Com a rota de fiscalização traçada, restavam apenas duas atividades pendentes. A primeira delas, às 18h26, foi a montagem do kit de inspeção, essencial para os inspetores. O colete verde e laranja, que carrega o nome da Vigilância Sanitária, é usado para carregar carteira de identificação, documentos pessoais, laudos impressos, decretos estaduais em exercício, além dos itens de higiene pessoal, como álcool 70% e máscara descartável

Instantes depois, às 18h45, a última tarefa consiste em uma reunião com a Polícia Militar para alinhar os trabalhos do dia. Ao se reportar para os PMs, Jane Cris frisou a necessidade constante de apoio tático no decorrer da inspeção, uma vez que havia chance de algum representante de estabelecimento adotar um comportamento agressivo com a equipe. 

- Boa noite! A gente vai fazer uma atividade em restaurantes e hotéis da Beira-Mar. Vocês não podem sair, sob hipótese alguma, nem por um segundo do lado da gente. Vocês sabem que basta um segundo pra gente ser agredido. Se a gente sofrer algum tipo de desacato, se for alguma coisa muito grave, a gente vai dar voz de prisão e vocês conduzem para delegacia. 

- Tá certo, Dona Jane!

- Eles respeitam a gente porque vocês estão do nosso lado. Se vocês não tivessem, a gente era o pano de chão deles, podem ter certeza. Alguma dúvida?

- Não! 

Sem o aparato policial, lamenta Jane, o risco de agressão verbal e física é potencializado, uma vez que ainda falta entendimento integral sobre o trabalho de controle sanitário desenvolvido pela Vigilância. "As pessoas acham que a gente sai daqui com uma lupa procurando um grãozinho de areia no canto da parede para poder multar", relata. Nessas circunstâncias, a conduta dos fiscalizados, muitas vezes, extrapola os limites da boa convivência. "Uns são extremamente agressivos. Se a gente não tiver com a polícia, sai espancado, recebe ameaça de morte, tentativa de suborno, outros ficam nos humilhando", conta, com a voz embargada. 

Escoltado por quatro policiais do motopatrulhamento, o veículo da Vigilância Sanitária, conduzido pelo motorista Paulo Henrique, chega ao primeiro restaurante às 19h12. Ao chegar no ambiente, um pedido imediato ao gerente: uso de máscara pelos clientes que não estão consumindo alimentos e bebidas. Entre os problemas atestados, falta de delimitação do espaço de 1,5 a 2 metros da banda com os clientes, barreira de acrílico no balcão, tapete higienizante e funcionários sem face shield.
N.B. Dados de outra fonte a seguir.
lemma ctx_open_eq_idem_open:
  assumes S: "commuting_set R S" and e: "e \<in> idempotents (bicommutant_ring R S)"
  shows "ctx_open S e = idem_open e"
proof -
  have B: "commuting_set R (bicommutant R S)"
    using commuting_bicommutant[OF S] .
  have e': "e \<in> bicommutant R S" "e \<in> idempotents R"
    using e unfolding idempotents_bicommutant_ring by blast+
  have "ctx_open S e = ctx_open (bicommutant R S) e"
    using ctx_open_extend[OF B subset_bicommutant[OF S] e] .
  also have "\<dots> = ctx_open {e} e"
    using ctx_open_extend[OF B _ idempotent_bicommutant_ring] e' idempotentsD(1)
      commuting_set_singleton by simp
  finally show ?thesis
    unfolding idem_open_def .
qed

lemma idempotent_bicommutant_ring_singleton:
  "e \<in> idempotents R \<Longrightarrow> e \<in> idempotents (bicommutant_ring R {e})"
  using idempotent_bicommutant_ring[OF commuting_set_singleton[OF idempotentsD(1)]] by blast

lemma idem_open_closed: "e \<in> idempotents R \<Longrightarrow> idem_open e \<in> fcarrier (Fo R)"
  unfolding idem_open_def
  using ctx_open_closed[OF commuting_set_singleton[OF idempotentsD(1)] idempotent_bicommutant_ring_singleton]
  by blast

lemma idem_open_zero: "idem_open \<zero> = fbot (Fo R)"
  unfolding idem_open_def using ctx_open_zero commuting_set_singleton by simp

lemma idem_open_one_minus:
  assumes e: "e \<in> idempotents R"
  shows "fsup (Fo R) {idem_open e, idem_open (\<one> \<ominus> e)} = ftop (Fo R)"
proof -
  have S: "commuting_set R {e}" and e': "e \<in> idempotents (bicommutant_ring R {e})"
    using commuting_set_singleton[OF idempotentsD(1)[OF e]] idempotent_bicommutant_ring_singleton[OF e] .
  then show ?thesis
    using ctx_open_one_minus[OF S e'] ctx_open_eq_idem_open[OF S e']
      ctx_open_eq_idem_open[OF S one_minus_idempotent_bicommutant_ring[OF S e']] by simp
qed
Às 19h36, enquanto os fiscais incluíam no relatório o detalhamento da inspeção, um cliente levanta do assento e se aproxima da equipe. O homem, alto e de cabelos brancos, questiona o trabalho e, de pronto, leva um chamado: 

- Cadê a sua máscara, senhor? Nós estamos aqui fazendo uma fiscalização.

Ele baixa a guarda, diz entender a ação no local e retorna à mesa.
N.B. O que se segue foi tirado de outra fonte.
text \<open>The roles of the variable blocks are exchanged: the parameter block \<open>'x\<close> of
  \<open>\<phi>\<close> becomes the parameter side \<open>Inr\<close> of a formula in the sense of \<open>has_IP\<close>.\<close>
lemma dependent_imp_shatters_bounded:
  fixes M :: "('f, 'r, 'a) struc" and \<phi> :: "('f, 'r, 'x + 'y) fml"
  assumes "dependent M"
  obtains N where "\<And>W. \<not> shatters M \<phi> N W"
proof -
  define X where "X = Inl -` fv \<phi>"
  define Y where "Y = Inr -` fv \<phi>"
  obtain hx :: "'x \<Rightarrow> nat" where hx: "inj_on hx X"
    using finite_imp_inj_to_nat_seg[OF finite_vars_Inl[of \<phi>]] unfolding X_def by blast
  obtain hy :: "'y \<Rightarrow> nat" where hy: "inj_on hy Y"
    using finite_imp_inj_to_nat_seg[OF finite_vars_Inr[of \<phi>]] unfolding Y_def by blast
  define \<sigma> :: "'x + 'y \<Rightarrow> nat + nat" where "\<sigma> = case_sum (\<lambda>x. Inr (2 * hx x)) (\<lambda>y. Inl (hy y))"
  define fr :: "nat \<Rightarrow> nat + nat" where "fr j = Inr (2 * j + 1)" for j
  have sat_\<psi>: "sat M s (rename_fml fr \<sigma> 0 \<phi>) = sat M (s \<circ> \<sigma>) \<phi>" for s
  proof (rule sat_rename_fml)
    show "inj fr"
      by (auto simp: inj_def fr_def)
    show "\<sigma> v \<notin> fr ` {0..}" for v
      by (auto simp: fr_def \<sigma>_def split: sum.split) presburger
  qed
  have "\<not> has_IP M (rename_fml fr \<sigma> 0 \<phi>)"
    using assms unfolding dependent_def by blast
  then obtain N :: nat where no_IP: "\<not> (\<exists>a. \<forall>S\<subseteq>{..<N}. \<exists>b. \<forall>i<N.
      sat M (case_sum (a i) b) (rename_fml fr \<sigma> 0 \<phi>) \<longleftrightarrow> i \<in> S)"
    unfolding has_IP_def by (auto simp only: not_all)
  have "\<not> shatters M \<phi> N W" for W
  proof
    assume shatters: "shatters M \<phi> N W"
    define a where "a i j = W i (inv_into Y hy j)" for i j
    have "\<forall>S\<subseteq>{..<N}. \<exists>b. \<forall>i<N. sat M (case_sum (a i) b) (rename_fml fr \<sigma> 0 \<phi>) \<longleftrightarrow> i \<in> S"
    proof (intro allI impI)
      fix S :: "nat set" assume "S \<subseteq> {..<N}"
      obtain d where d: "\<forall>i<N. i \<in> S \<longleftrightarrow> sat M (case_sum d (W i)) \<phi>"
        using shatters \<open>S \<subseteq> {..<N}\<close> unfolding shatters_def realizes_pattern_def by blast
      define b where "b j = d (inv_into X hx (j div 2))" for j
      have "sat M (case_sum (a i) b \<circ> \<sigma>) \<phi> = sat M (case_sum d (W i)) \<phi>" for i
      proof (rule sat_cong, intro ballI)
        fix v assume "v \<in> fv \<phi>"
        then show "(case_sum (a i) b \<circ> \<sigma>) v = case_sum d (W i) v"
          using hx hy by (cases v) (simp_all add: X_def Y_def \<sigma>_def a_def b_def)
      qed
      then show "\<exists>b. \<forall>i<N. sat M (case_sum (a i) b) (rename_fml fr \<sigma> 0 \<phi>) \<longleftrightarrow> i \<in> S"
        using d by (intro exI[of _ b]) (simp add: sat_\<psi>)
    qed
    then show False
      using no_IP by blast
  qed
  then show ?thesis
    using that by blast
qed

text \<open>\<open>indisc\<close> asks for all parameter slots below some bound \<open>q\<close> to lie in \<open>P\<close>;
  the slots not occurring in \<open>\<psi>\<close> are padded with an arbitrary element of \<open>P\<close>.\<close>
lemma indisc_swap_0_1:
  fixes \<psi> :: "('f, 'r, nat \<times> nat + nat) fml"
  assumes ind: "indisc M P L N c" and "enat 1 < N"
    and fv_\<psi>: "fv \<psi> \<subseteq> {Inl (0, \<alpha>) | \<alpha>. \<alpha> < L} \<union> Inr ` {j. e j \<in> P}"
  shows "sat M (\<lambda>v. case v of Inl (_, \<alpha>) \<Rightarrow> c 1 ! \<alpha> | Inr j \<Rightarrow> e j) \<psi>
     \<longleftrightarrow> sat M (\<lambda>v. case v of Inl (_, \<alpha>) \<Rightarrow> c 0 ! \<alpha> | Inr j \<Rightarrow> e j) \<psi>"
proof -
  define Q where "Q = Inr -` fv \<psi>"
  define q where "q = (if Q = {} then 0 else Suc (Max Q))"
  define e' where "e' j = (if j \<in> Q then e j else (SOME p. p \<in> P))" for j
  have "finite Q"
    unfolding Q_def by (rule finite_vars_Inr)
  then have "Q \<subseteq> {..<q}"
    by (auto simp: q_def less_Suc_eq_le)
  have e': "\<forall>j<q. e' j \<in> P"
  proof (intro allI impI)
    fix j :: nat assume "j < q"
    show "e' j \<in> P"
    proof (cases "j \<in> Q")
      case True
      with fv_\<psi> show ?thesis
        by (auto simp: Q_def e'_def)
    next
      case False
      with \<open>j < q\<close> obtain j' where "j' \<in> Q"
        by (auto simp: q_def split: if_splits)
      with fv_\<psi> have "P \<noteq> {}"
        by (auto simp: Q_def)
      with False show ?thesis
        by (simp add: e'_def some_in_eq)
    qed
  qed
  have fv_\<psi>': "fv \<psi> \<subseteq> {Inl (i, \<alpha>) | i \<alpha>. i < 1 \<and> \<alpha> < L} \<union> Inr ` {..<q}"
  proof
    fix v assume "v \<in> fv \<psi>"
    then show "v \<in> {Inl (i, \<alpha>) | i \<alpha>. i < 1 \<and> \<alpha> < L} \<union> Inr ` {..<q}"
      using fv_\<psi> \<open>Q \<subseteq> {..<q}\<close> by (cases v) (auto simp: Q_def)
  qed
  have incr: "incr_seq 1 N (\<lambda>_. \<epsilon>)" if "\<epsilon> \<le> 1" for \<epsilon>
  proof -
    have "enat \<epsilon> < N"
      using that by (intro le_less_trans[OF _ \<open>enat 1 < N\<close>]) simp
    then show ?thesis
      by (simp add: incr_seq_def)
  qed
  have "sat M (\<lambda>v. case v of Inl (i, \<alpha>) \<Rightarrow> c ((\<lambda>_. 1) i) ! \<alpha> | Inr j \<Rightarrow> e' j) \<psi>
     \<longleftrightarrow> sat M (\<lambda>v. case v of Inl (i, \<alpha>) \<Rightarrow> c ((\<lambda>_. 0) i) ! \<alpha> | Inr j \<Rightarrow> e' j) \<psi>"
    using fv_\<psi>' e' incr[of 1] incr[of 0]
    by (intro ind[unfolded indisc_def, rule_format, of \<psi> 1 q e'] conjI) simp_all
  moreover have "sat M (\<lambda>v. case v of Inl (_, \<alpha>) \<Rightarrow> c \<epsilon> ! \<alpha> | Inr j \<Rightarrow> e' j) \<psi>
     \<longleftrightarrow> sat M (\<lambda>v. case v of Inl (_, \<alpha>) \<Rightarrow> c \<epsilon> ! \<alpha> | Inr j \<Rightarrow> e j) \<psi>" for \<epsilon>
    by (rule sat_cong) (auto simp: Q_def e'_def split: sum.split)
  ultimately show ?thesis
    by simp
qed

definition signed :: "bool \<Rightarrow> ('f, 'r, 'v) fml \<Rightarrow> ('f, 'r, 'v) fml" where
  "signed b \<psi> = (if b then \<psi> else Neg \<psi>)"

lemma sat_signed [simp]: "sat M s (signed b \<psi>) \<longleftrightarrow> (b \<longleftrightarrow> sat M s \<psi>)"
  by (simp add: signed_def)

lemma fv_signed [simp]: "fv (signed b \<psi>) = fv \<psi>"
  by (simp add: signed_def)

definition pattern_fml ::
    "(nat \<Rightarrow> 'w) \<Rightarrow> (nat \<Rightarrow> 'v \<Rightarrow> 'w) \<Rightarrow> 'w list \<Rightarrow> nat \<Rightarrow> nat set \<Rightarrow> ('f, 'r, 'v) fml \<Rightarrow> ('f, 'r, 'w) fml" where
  "pattern_fml fr \<sigma> xs n S \<phi> =
     foldr Ex xs (conjs (map (\<lambda>i. signed (i \<in> S) (rename_fml fr (\<sigma> i) 0 \<phi>)) [0..<n]))"

lemma sat_pattern_fml:
  assumes "inj fr" "\<And>i v. \<sigma> i v \<notin> range fr"
  shows "sat M s (pattern_fml fr \<sigma> xs n S \<phi>) \<longleftrightarrow>
    (\<exists>s'. (\<forall>v. v \<notin> set xs \<longrightarrow> s' v = s v) \<and> (\<forall>i<n. i \<in> S \<longleftrightarrow> sat M (s' \<circ> \<sigma> i) \<phi>))"
proof -
  have "sat M s' (rename_fml fr (\<sigma> i) 0 \<phi>) = sat M (s' \<circ> \<sigma> i) \<phi>" for s' i
    using assms by (intro sat_rename_fml) auto
  then have "sat M s' (conjs (map (\<lambda>i. signed (i \<in> S) (rename_fml fr (\<sigma> i) 0 \<phi>)) [0..<n]))
      \<longleftrightarrow> (\<forall>i<n. i \<in> S \<longleftrightarrow> sat M (s' \<circ> \<sigma> i) \<phi>)" for s'
    unfolding sat_conjs by auto
  then show ?thesis
    by (simp add: pattern_fml_def sat_foldr_Ex)
qed

lemma fv_pattern_fml: "fv (pattern_fml fr \<sigma> xs n S \<phi>) \<subseteq> (\<Union>i<n. \<sigma> i ` fv \<phi>) - set xs"
  using fv_rename_fml by (fastforce simp: pattern_fml_def fv_foldr_Ex fv_conjs)

lemma sat_pattern_fml_iff_realizes_pattern:
  fixes \<phi> :: "('f, 'r, 'x + 'y) fml"
  defines "X \<equiv> Inl -` fv \<phi>"
  assumes "inj fr" "\<And>i v. \<sigma> i v \<notin> range fr"
    and "set xs = X" "inj_on xv X" "\<And>i x. \<sigma> i (Inl x) = xv x"
    and "\<And>i y. i < n \<Longrightarrow> Inr y \<in> fv \<phi> \<Longrightarrow> \<sigma> i (Inr y) \<notin> xv ` X \<and> s (\<sigma> i (Inr y)) = W i y"
  shows "sat M s (pattern_fml fr \<sigma> (map xv xs) n S \<phi>) \<longleftrightarrow> realizes_pattern M \<phi> n W S"
proof -
  have agree: "sat M (s' \<circ> \<sigma> i) \<phi> \<longleftrightarrow> sat M (case_sum d (W i)) \<phi>"
    if "i < n" "\<forall>v. v \<notin> xv ` X \<longrightarrow> s' v = s v" "\<forall>x\<in>X. s' (xv x) = d x" for s' d i
  proof (rule sat_cong, intro ballI)
    fix v assume "v \<in> fv \<phi>"
    then show "(s' \<circ> \<sigma> i) v = case_sum d (W i) v"
      using that assms(6,7) by (cases v) (auto simp: X_def)
  qed
  show ?thesis
  proof
    assume "sat M s (pattern_fml fr \<sigma> (map xv xs) n S \<phi>)"
    then obtain s' where "\<forall>v. v \<notin> xv ` X \<longrightarrow> s' v = s v" "\<forall>i<n. i \<in> S \<longleftrightarrow> sat M (s' \<circ> \<sigma> i) \<phi>"
      using assms(2,3,4) by (auto simp: sat_pattern_fml)
    with agree[of _ s' "s' \<circ> xv"] show "realizes_pattern M \<phi> n W S"
      unfolding realizes_pattern_def by (intro exI[of _ "s' \<circ> xv"]) simp
  next
    assume "realizes_pattern M \<phi> n W S"
    then obtain d where d: "\<forall>i<n. i \<in> S \<longleftrightarrow> sat M (case_sum d (W i)) \<phi>"
      unfolding realizes_pattern_def by blast
    define s' where "s' v = (if v \<in> xv ` X then d (inv_into X xv v) else s v)" for v
    have "\<forall>i<n. i \<in> S \<longleftrightarrow> sat M (s' \<circ> \<sigma> i) \<phi>"
      using d agree[of _ s' d] assms(5) by (simp add: s'_def)
    then show "sat M s (pattern_fml fr \<sigma> (map xv xs) n S \<phi>)"
      unfolding sat_pattern_fml[OF assms(2,3)] using assms(4)
      by (intro exI[of _ s']) (simp add: s'_def)
  qed
qed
-A gente não pode baixar a guarda nunca

Na terceira parada da noite, às 20h29, o olhar clínico dos inspetores detectou uma série de irregularidades logo nos primeiros minutos da fiscalização. Mesas com excesso de clientes, quando o decreto permite até seis; curto distanciamento entre as mesas, produtos sem etiquetas na cozinha, defeito técnico na câmara fria e o no esgoto, o que causou forte odor no espaço de manipulação e preparo de pratos. Os funcionários tentaram justificar, mas os profissionais imediatamente expuseram que as boas práticas são falhas ou inexistentes, citando o risco de contaminação cruzada pelo armazenamento irregular de alimentos.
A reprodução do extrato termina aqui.